=== Section Start ===

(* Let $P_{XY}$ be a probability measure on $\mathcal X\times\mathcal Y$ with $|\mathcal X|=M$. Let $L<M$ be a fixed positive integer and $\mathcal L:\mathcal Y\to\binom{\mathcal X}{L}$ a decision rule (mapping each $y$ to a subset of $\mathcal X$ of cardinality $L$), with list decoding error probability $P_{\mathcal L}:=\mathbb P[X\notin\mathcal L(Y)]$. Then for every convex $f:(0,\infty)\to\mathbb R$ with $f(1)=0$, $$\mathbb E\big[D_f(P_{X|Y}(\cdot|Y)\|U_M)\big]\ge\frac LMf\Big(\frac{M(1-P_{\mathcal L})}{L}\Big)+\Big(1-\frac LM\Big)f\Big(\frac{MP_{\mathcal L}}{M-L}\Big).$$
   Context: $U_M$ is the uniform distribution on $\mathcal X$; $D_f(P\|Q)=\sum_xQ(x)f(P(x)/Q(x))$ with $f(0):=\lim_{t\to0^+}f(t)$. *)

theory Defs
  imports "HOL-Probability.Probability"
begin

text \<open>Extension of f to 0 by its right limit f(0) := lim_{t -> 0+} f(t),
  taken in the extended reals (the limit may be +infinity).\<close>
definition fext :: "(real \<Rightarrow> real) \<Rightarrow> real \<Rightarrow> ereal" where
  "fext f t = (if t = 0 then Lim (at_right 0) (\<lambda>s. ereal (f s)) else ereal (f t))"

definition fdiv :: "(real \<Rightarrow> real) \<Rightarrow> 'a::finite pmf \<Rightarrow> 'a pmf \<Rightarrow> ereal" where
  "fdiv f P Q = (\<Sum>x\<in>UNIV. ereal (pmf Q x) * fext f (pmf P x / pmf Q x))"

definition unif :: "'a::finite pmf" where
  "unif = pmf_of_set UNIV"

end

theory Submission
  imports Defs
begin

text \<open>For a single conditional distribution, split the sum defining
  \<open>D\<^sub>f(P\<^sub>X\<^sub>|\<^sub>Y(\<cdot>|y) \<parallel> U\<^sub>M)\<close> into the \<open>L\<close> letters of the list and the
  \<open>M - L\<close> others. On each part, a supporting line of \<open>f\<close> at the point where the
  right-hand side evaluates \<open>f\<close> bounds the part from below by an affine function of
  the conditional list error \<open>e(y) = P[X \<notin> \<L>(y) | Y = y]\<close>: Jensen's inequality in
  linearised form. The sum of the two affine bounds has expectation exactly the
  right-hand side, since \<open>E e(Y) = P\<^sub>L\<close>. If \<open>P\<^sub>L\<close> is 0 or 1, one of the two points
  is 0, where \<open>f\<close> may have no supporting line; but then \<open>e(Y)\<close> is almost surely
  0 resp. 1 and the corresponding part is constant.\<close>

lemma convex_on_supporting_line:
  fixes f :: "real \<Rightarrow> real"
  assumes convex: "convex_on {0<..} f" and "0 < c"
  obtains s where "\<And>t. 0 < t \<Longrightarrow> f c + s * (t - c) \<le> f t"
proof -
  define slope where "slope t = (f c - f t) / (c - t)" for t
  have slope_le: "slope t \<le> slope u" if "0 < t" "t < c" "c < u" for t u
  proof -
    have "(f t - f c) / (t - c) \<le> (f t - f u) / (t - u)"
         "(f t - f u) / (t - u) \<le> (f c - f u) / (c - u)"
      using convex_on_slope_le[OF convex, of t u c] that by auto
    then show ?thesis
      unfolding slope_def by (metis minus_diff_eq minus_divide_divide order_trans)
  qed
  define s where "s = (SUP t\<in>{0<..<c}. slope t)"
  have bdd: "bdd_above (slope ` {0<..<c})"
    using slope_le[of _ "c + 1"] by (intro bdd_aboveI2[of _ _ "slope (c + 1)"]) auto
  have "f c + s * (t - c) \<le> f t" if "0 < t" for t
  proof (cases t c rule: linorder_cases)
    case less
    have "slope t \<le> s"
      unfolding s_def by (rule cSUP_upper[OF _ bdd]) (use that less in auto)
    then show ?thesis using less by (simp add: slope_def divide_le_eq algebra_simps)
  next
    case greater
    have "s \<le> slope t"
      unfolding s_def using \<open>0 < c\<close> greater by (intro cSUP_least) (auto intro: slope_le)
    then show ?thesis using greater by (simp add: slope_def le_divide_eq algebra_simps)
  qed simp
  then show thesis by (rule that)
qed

=== Section End ===
=== Section Start ===

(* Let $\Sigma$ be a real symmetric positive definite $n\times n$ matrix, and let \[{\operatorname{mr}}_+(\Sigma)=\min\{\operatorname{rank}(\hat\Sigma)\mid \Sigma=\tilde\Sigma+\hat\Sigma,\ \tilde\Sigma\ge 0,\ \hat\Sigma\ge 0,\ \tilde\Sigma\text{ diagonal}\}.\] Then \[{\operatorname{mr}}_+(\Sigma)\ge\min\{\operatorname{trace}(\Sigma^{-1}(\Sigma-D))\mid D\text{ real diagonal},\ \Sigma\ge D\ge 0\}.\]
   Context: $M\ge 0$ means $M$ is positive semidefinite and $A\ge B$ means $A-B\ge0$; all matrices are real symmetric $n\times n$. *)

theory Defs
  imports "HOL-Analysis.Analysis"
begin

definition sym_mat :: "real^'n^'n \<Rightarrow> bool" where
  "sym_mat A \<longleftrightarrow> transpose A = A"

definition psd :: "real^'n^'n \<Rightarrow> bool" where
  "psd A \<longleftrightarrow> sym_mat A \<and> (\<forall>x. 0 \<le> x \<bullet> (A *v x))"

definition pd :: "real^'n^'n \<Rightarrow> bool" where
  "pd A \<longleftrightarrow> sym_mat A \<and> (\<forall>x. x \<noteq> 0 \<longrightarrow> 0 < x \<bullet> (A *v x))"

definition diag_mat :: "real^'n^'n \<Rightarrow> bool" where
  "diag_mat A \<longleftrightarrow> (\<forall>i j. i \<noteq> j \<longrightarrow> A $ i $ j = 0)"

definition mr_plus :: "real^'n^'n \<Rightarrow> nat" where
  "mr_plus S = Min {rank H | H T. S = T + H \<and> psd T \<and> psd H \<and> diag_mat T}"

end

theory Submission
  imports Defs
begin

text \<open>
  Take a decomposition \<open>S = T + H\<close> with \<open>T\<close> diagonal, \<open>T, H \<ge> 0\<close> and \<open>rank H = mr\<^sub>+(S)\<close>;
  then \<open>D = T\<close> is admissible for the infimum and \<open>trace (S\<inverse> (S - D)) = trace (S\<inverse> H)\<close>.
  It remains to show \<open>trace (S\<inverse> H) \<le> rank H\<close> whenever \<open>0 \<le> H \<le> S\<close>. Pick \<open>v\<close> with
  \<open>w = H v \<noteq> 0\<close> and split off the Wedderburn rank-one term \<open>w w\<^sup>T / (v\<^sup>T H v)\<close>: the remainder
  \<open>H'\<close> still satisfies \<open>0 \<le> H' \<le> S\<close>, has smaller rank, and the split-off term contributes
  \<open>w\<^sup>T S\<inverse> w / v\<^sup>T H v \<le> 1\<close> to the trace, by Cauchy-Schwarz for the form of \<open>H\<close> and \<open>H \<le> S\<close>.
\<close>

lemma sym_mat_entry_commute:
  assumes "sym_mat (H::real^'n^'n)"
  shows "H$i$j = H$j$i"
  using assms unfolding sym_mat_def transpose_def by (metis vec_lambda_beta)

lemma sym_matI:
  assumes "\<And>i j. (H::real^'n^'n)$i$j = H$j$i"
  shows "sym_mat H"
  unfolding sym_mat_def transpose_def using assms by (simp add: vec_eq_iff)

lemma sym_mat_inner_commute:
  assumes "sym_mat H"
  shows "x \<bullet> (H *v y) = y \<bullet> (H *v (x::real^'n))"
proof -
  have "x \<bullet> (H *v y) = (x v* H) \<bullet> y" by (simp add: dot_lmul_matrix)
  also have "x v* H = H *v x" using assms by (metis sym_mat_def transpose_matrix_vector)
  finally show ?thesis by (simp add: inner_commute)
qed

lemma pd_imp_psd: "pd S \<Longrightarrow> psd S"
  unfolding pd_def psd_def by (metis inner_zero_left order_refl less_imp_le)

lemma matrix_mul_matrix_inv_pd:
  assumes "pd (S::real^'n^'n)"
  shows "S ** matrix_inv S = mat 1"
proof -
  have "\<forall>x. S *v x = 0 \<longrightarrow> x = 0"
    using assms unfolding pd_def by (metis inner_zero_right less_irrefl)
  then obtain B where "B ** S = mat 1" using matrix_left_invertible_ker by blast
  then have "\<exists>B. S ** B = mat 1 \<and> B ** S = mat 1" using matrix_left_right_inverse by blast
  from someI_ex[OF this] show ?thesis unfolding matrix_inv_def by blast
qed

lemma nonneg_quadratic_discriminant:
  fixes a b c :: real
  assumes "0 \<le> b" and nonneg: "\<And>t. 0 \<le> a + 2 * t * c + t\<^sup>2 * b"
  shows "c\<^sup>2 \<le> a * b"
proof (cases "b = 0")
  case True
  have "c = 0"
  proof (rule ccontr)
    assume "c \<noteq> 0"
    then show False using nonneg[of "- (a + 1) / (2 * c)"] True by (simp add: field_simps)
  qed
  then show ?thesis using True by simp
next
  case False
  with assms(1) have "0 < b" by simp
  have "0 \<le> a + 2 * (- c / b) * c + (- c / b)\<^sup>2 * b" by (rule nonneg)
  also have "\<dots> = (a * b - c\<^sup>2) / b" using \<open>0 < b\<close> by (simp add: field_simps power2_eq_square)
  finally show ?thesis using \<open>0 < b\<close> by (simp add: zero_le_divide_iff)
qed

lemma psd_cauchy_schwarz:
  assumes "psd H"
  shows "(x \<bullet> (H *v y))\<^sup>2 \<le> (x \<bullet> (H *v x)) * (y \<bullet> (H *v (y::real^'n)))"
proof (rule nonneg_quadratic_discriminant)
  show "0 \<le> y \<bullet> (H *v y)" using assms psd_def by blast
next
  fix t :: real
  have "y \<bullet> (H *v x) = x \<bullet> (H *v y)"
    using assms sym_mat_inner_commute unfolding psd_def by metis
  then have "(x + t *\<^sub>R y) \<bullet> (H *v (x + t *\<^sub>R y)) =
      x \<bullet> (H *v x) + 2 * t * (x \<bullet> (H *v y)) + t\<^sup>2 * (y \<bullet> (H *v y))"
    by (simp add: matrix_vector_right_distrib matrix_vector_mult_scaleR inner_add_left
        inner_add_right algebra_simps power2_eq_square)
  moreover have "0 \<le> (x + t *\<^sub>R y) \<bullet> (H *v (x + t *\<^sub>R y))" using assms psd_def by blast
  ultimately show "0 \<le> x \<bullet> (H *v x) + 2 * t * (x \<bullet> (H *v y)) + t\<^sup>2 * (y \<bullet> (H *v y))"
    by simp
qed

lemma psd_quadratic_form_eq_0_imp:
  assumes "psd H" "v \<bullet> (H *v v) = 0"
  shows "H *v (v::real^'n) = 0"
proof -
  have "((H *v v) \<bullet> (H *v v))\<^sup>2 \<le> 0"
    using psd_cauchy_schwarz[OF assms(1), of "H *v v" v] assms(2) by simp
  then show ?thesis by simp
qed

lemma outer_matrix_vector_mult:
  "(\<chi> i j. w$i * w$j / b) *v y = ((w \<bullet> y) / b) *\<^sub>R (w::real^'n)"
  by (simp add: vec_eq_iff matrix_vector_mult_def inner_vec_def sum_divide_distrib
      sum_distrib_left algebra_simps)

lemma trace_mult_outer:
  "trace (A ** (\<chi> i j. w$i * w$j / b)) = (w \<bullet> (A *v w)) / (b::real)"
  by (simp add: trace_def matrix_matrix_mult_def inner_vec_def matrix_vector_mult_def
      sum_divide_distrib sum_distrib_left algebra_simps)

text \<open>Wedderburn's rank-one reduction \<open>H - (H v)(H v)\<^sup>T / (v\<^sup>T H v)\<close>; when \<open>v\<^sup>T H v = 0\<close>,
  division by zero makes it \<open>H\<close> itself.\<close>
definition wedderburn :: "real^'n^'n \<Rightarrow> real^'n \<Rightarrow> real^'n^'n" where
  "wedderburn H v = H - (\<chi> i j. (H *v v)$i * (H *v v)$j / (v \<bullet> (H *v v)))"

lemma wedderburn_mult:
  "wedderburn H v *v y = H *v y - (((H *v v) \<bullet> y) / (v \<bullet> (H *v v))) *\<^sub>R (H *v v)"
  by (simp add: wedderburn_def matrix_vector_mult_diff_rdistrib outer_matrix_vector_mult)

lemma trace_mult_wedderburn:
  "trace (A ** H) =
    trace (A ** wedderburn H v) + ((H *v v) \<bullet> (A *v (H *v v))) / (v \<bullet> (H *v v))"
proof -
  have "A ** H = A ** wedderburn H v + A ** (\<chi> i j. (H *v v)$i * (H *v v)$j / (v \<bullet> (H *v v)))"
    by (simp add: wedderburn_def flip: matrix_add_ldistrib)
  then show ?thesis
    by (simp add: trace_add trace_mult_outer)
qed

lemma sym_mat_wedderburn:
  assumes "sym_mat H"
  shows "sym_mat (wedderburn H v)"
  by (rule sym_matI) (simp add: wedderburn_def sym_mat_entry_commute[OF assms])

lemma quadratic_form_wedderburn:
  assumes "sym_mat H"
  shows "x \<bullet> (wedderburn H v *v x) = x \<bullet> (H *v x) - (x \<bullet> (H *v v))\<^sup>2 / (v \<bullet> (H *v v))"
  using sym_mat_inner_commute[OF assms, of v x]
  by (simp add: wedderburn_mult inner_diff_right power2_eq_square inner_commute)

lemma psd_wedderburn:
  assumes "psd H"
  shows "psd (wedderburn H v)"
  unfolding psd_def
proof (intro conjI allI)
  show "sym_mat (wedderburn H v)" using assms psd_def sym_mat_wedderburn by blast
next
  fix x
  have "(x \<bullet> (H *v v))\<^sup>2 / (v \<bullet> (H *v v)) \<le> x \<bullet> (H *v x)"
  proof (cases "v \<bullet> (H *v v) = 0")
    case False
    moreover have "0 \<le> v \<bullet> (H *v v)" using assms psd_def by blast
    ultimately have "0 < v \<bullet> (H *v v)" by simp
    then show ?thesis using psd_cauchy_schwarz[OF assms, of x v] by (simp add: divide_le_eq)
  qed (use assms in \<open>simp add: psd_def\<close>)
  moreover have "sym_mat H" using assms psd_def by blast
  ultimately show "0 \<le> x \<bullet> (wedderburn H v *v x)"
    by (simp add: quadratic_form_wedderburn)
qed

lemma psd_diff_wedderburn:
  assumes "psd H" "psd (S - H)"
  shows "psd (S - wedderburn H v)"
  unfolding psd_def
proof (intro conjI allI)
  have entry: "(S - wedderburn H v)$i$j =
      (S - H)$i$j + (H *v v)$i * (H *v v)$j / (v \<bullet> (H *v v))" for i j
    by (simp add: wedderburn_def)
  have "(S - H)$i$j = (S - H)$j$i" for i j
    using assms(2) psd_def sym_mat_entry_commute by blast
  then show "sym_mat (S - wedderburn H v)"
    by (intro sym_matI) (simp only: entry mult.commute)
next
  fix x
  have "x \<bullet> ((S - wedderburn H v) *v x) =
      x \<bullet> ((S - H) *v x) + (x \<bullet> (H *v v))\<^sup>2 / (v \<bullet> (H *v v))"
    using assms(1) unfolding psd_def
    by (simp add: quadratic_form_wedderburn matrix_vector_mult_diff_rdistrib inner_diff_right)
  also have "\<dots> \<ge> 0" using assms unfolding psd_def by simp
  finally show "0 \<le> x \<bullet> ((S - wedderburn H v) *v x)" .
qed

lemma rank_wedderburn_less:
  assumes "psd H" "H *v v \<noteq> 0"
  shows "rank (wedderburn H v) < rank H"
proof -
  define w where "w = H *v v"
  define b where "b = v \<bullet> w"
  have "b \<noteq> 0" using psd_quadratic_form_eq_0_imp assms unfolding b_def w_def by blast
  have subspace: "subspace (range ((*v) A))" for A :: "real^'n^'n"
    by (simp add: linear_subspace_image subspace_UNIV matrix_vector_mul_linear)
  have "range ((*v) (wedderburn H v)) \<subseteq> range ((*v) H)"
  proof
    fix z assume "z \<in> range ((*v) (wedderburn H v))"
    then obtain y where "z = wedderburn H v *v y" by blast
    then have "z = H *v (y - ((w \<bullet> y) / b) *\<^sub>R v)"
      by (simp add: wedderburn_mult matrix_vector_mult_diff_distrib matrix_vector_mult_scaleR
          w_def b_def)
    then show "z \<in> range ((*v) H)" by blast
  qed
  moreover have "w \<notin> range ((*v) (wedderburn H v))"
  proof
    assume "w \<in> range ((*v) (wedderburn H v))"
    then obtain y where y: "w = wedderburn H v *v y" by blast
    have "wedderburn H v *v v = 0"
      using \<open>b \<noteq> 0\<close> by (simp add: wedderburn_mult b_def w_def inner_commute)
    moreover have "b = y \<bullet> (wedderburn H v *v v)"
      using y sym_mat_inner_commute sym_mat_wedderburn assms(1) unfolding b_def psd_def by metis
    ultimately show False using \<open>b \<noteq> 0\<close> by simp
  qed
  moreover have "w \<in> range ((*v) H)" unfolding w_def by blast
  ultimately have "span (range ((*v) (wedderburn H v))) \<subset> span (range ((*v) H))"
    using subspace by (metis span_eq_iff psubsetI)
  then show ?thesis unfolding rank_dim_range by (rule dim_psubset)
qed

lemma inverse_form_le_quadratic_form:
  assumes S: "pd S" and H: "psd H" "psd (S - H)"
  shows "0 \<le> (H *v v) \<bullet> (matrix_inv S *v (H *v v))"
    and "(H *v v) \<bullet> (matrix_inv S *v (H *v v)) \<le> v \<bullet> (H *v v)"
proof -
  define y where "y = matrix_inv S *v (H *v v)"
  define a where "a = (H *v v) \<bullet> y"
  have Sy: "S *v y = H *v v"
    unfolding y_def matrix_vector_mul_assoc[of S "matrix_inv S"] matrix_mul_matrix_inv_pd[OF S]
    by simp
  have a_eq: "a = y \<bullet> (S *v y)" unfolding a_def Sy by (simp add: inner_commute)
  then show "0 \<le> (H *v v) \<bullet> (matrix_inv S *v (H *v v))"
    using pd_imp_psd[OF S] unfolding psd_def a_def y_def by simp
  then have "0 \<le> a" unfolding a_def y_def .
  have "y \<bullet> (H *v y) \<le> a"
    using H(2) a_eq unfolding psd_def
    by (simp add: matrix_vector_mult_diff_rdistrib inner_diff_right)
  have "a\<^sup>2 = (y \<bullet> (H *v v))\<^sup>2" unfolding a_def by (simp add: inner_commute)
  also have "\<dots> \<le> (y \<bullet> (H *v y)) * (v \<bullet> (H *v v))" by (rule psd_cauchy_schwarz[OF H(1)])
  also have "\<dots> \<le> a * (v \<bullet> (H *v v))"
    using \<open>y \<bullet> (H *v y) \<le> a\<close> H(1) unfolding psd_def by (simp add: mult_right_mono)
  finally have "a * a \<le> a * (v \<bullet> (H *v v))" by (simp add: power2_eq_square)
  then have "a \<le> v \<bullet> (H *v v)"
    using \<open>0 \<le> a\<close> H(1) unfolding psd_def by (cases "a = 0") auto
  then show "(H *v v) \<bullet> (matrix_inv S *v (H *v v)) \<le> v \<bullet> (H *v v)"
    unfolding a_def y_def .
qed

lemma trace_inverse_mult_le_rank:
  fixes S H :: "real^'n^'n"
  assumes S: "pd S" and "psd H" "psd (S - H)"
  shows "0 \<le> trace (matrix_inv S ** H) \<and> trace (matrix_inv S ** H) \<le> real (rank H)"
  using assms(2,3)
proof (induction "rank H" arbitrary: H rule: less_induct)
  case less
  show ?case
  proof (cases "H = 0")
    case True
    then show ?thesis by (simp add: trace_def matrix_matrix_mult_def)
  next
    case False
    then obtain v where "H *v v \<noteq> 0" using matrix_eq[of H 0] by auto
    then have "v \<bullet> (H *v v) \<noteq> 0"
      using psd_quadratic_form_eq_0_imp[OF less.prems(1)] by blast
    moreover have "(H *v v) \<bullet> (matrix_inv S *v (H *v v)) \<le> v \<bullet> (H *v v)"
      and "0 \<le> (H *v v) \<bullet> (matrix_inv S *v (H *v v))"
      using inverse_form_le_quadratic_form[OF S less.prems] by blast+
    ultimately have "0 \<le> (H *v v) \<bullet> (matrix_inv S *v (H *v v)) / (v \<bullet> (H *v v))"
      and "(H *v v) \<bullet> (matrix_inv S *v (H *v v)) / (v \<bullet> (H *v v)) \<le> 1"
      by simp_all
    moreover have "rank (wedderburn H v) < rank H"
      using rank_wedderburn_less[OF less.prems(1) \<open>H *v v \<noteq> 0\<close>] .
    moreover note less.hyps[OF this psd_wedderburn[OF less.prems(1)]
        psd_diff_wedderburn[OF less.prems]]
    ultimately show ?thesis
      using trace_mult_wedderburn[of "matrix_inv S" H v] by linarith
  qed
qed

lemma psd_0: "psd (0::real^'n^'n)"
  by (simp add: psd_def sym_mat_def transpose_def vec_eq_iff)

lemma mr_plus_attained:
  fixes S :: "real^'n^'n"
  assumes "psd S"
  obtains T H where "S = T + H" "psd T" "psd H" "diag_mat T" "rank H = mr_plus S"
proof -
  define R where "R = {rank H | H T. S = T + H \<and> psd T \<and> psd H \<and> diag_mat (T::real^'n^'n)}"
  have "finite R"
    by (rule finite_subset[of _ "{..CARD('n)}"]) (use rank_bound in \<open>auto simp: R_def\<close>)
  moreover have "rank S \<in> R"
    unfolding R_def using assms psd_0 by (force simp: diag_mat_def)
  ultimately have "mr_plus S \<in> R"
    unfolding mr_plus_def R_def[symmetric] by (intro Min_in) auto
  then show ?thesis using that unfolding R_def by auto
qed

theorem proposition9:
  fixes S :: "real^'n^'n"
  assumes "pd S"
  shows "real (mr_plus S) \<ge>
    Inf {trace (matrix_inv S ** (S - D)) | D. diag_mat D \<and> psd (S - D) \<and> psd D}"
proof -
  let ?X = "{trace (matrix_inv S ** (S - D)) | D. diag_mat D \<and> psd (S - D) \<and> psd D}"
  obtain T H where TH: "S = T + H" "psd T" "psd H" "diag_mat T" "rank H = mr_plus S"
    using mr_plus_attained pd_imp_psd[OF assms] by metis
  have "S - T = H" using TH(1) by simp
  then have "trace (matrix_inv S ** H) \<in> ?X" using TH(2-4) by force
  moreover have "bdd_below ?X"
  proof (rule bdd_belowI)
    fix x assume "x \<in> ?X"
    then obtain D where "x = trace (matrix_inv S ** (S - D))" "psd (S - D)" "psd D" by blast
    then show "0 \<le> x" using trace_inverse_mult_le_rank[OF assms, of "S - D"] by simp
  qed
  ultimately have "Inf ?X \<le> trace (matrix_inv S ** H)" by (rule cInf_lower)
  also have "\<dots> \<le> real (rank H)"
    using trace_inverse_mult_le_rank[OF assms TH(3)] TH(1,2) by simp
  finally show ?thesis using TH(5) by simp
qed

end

=== Section End ===

» EXERCISE AIM
Take each line above that holds the string "side" and copy it.

» ANSWER TO THIS EXERCISE
  right-hand side evaluates \<open>f\<close> bounds the part from below by an affine function of
  right-hand side, since \<open>E e(Y) = P\<^sub>L\<close>. If \<open>P\<^sub>L\<close> is 0 or 1, one of the two points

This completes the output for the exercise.